To get accurate data on my propellants' performance I built a device that
worked like a Crawford bomb, a stainless steel chamber where I could test
the burn rate of sample propellant grains at controlled pressures up to 200
psi in an atmosphere of pure nitrogen. To read and set the pressure I used
an Ashcroft test gauge with a stainless steel Bourdon tube.
I too thought that NC would make a GREAT binder because it was readily
available and easy to work with. My propellant test-grains were essentially
like Flint's nozzleless motors, 5/16" dia. grains packed into small lengths
of convolute cardboard tube.
I remember how disappointed I was to discover that propellant grains that
burned beautifully at atmospheric pressure would explode with just a modest
increase in pressure.

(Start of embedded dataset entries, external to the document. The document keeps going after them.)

lemma card_split_pairs:
  assumes "S \<subseteq> {1..n}"
  shows "card S = card (S \<inter> {1,2}) + card (S \<inter> odd_ge_3) + card (S \<inter> even_ge_3)"
proof -
  have fin: "finite S"
    using assms finite_subset by blast
  have "S = (S \<inter> {1,2}) \<union> (S \<inter> odd_ge_3) \<union> (S \<inter> even_ge_3)"
    using assms unfolding odd_ge_3_def even_ge_3_def by auto
  then have "card S = card ((S \<inter> {1,2}) \<union> (S \<inter> odd_ge_3) \<union> (S \<inter> even_ge_3))"
    by simp
  also have "\<dots> = card ((S \<inter> {1,2}) \<union> (S \<inter> odd_ge_3)) + card (S \<inter> even_ge_3)"
    by (rule card_Un_disjoint) (use fin in \<open>auto simp: odd_ge_3_def even_ge_3_def\<close>)
  also have "card ((S \<inter> {1,2}) \<union> (S \<inter> odd_ge_3)) = card (S \<inter> {1,2}) + card (S \<inter> odd_ge_3)"
    by (rule card_Un_disjoint) (use fin in \<open>auto simp: odd_ge_3_def\<close>)
  finally show ?thesis .
qed

lemma transpose_image_eq_if_even_card:
  assumes "even (card (S \<inter> {a, b}))"
  shows "transpose a b ` S = S"
proof (rule transpose_image_eq)
  show "a \<in> S \<longleftrightarrow> b \<in> S"
    using assms by (cases "a \<in> S"; cases "b \<in> S") (auto simp: Int_insert_right)
qed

Though I can't locate my notes on the subject, I
remember that the critical pressure was amazingly low, something like 25-35
psi, and FAR below the operating pressure of a good black powder motor.
NUMEROUS experiments in which I varied the amount of NC would not solve the
problem, so in frustration I called a professional rocket engineer-friend,
and he suggested the following. Black powder is a "low explosive", and NC is
a "high explosive". At atmospheric pressure, the burn rate of NC is SLOWER
than the burn rate of BP, so at atmospheric pressure a BP grain made with an
NC binder works fine. But as the operating pressure is increased, the burn
rate of the NC RAPIDLY overtakes the burn rate of the BP. My
pressure-chamber experiments seemed to indicate that this was happening at a
pressure oa 25 to 35 psi (as read on the Ashcroft gauge).
If the burning surface of the NC-component of the grain receeds faster than
the BP it is supposed to bind, it leaves behind a zone of POWDERED BP that
burns explosively and causes the motor or the grain to CATO. In my own
experimental test-burns, at anything over 25-35 psi, my test-grains didn't
just fall apart, they exploded like firecrackers.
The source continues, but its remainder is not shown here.